Work instruction – Give again, unchanged, the line that contains "F *v err_traj" together with every line that follows it until the entries end.

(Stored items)
--------------------------------------------------
(* Let $A\in\mathbb{R}^{n\times n}$, $B\in\mathbb{R}^{n\times m}$, horizon $N\ge1$, $\theta\in(0,1)$. For $t\in\{1,\dots,N\}$ let $\mathcal{X}_t=\{x\in\mathbb{R}^n\mid (x-p_t)^\top P_t(x-p_t)\le1\}$ and let $\mathcal{U}=\{u\in\mathbb{R}^m\mid u^\top Qu\le1\}$, with $p_t\in\mathbb{R}^n$ and $P_t$, $Q$ symmetric positive definite. Let $Y\in\mathbb{R}^{n\times n}$ be symmetric positive definite and $\mathcal{W}=\{w\mid w^\top Yw\le1\}$, and let $w^{(0)}(0),\dots,w^{(0)}(N-1)$ be a random disturbance sequence such that $\Pr\{w^{(0)}(t)\in\mathcal{W}\ \forall t\in\{0,\dots,N-1\}\}\ge1-\theta$. Let $(\hat\Phi^*,\Psi^*,\lambda_0^*,\lambda_1^* )$ be a feasible solution of the program: minimize $\operatorname{trace}\hat\Phi$ over symmetric $\hat\Phi\succ0$, $\Psi\in\mathbb{R}^{m\times n}$, $\lambda_0,\lambda_1\in\mathbb{R}$ subject to $\lambda_0\ge0$, $\lambda_1\ge0$, $1-\lambda_0-\lambda_1\ge0$; $\begin{bmatrix}\hat\Phi-\frac{1}{\lambda_1}Y^{-1} & A\hat\Phi+B\Psi\\ (A\hat\Phi+B\Psi)^\top & \lambda_0\hat\Phi\end{bmatrix}\succeq0$; $\begin{bmatrix}\hat\Phi & \Psi^\top Q^{1/2}\\ Q^{1/2}\Psi & I\end{bmatrix}\succ0$; $\hat\Phi\prec P_t^{-1}$ for all $t\in\{1,\dots,N\}$. Define $\Phi=(\hat\Phi^* )^{-1}$, $K=\Psi^*\Phi$, $\mathcal{E}=\{e\mid e^\top\Phi e\le1\}$, $\mathcal{E}_u=\{Ke\mid e\in\mathcal{E}\}$, and let $e^{(0)}$ be the trajectory of the error system $e^{(0)}(t+1)=(A+BK)e^{(0)}(t)+w^{(0)}(t)$, $e^{(0)}(0)=0$. Then: (i) $\Pr\{e^{(0)}(t)\in\mathcal{E}\ \forall t\in\{1,\dots,N\}\}\ge1-\theta$; (ii) $\mathrm{int}(\mathcal{X}_t\ominus\mathcal{E})\ne\emptyset$ for all $t\in\{1,\dots,N\}$; (iii) $\mathrm{int}(\mathcal{U}\ominus\mathcal{E}_u)\ne\emptyset$.
   Context: $Q^{1/2}$ denotes the symmetric positive definite square root of $Q$; $\succ,\succeq$ denote the Loewner order. The Pontryagin difference is $S_1\ominus S_2=\{s_1\mid s_1+s_2\in S_1\ \forall s_2\in S_2\}$ and $\mathrm{int}$ denotes the interior of a set. *)

theory Defs
  imports "HOL-Probability.Probability"
begin

definition psd_mat :: "real^'n^'n \<Rightarrow> bool" where
  "psd_mat M \<longleftrightarrow> transpose M = M \<and> (\<forall>x. 0 \<le> x \<bullet> (M *v x))"

definition pd_mat :: "real^'n^'n \<Rightarrow> bool" where
  "pd_mat M \<longleftrightarrow> transpose M = M \<and> (\<forall>x. x \<noteq> 0 \<longrightarrow> 0 < x \<bullet> (M *v x))"

definition msqrt :: "real^'n^'n \<Rightarrow> real^'n^'n" where
  "msqrt Q = (THE S. pd_mat S \<and> S ** S = Q)"

definition block_mat ::
  "real^'n^'n \<Rightarrow> real^'m^'n \<Rightarrow> real^'n^'m \<Rightarrow> real^'m^'m \<Rightarrow> real^('n + 'm)^('n + 'm)" where
  "block_mat X Z V W = (\<chi> i j. case i of
       Inl a \<Rightarrow> (case j of Inl b \<Rightarrow> X$a$b | Inr b \<Rightarrow> Z$a$b)
     | Inr a \<Rightarrow> (case j of Inl b \<Rightarrow> V$a$b | Inr b \<Rightarrow> W$a$b))"

definition pontryagin_diff :: "'a::ab_group_add set \<Rightarrow> 'a set \<Rightarrow> 'a set" where
  "pontryagin_diff S1 S2 = {s1. \<forall>s2\<in>S2. s1 + s2 \<in> S1}"

primrec err_traj :: "real^'n^'n \<Rightarrow> (nat \<Rightarrow> real^'n) \<Rightarrow> nat \<Rightarrow> real^'n" where
  "err_traj F w 0 = 0"
| "err_traj F w (Suc t) = F *v err_traj F w t + w t"

end

theory Submission
  imports Defs
begin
--------------------------------------------------
Response box –
| "err_traj F w (Suc t) = F *v err_traj F w t + w t"

end

theory Submission
  imports Defs
begin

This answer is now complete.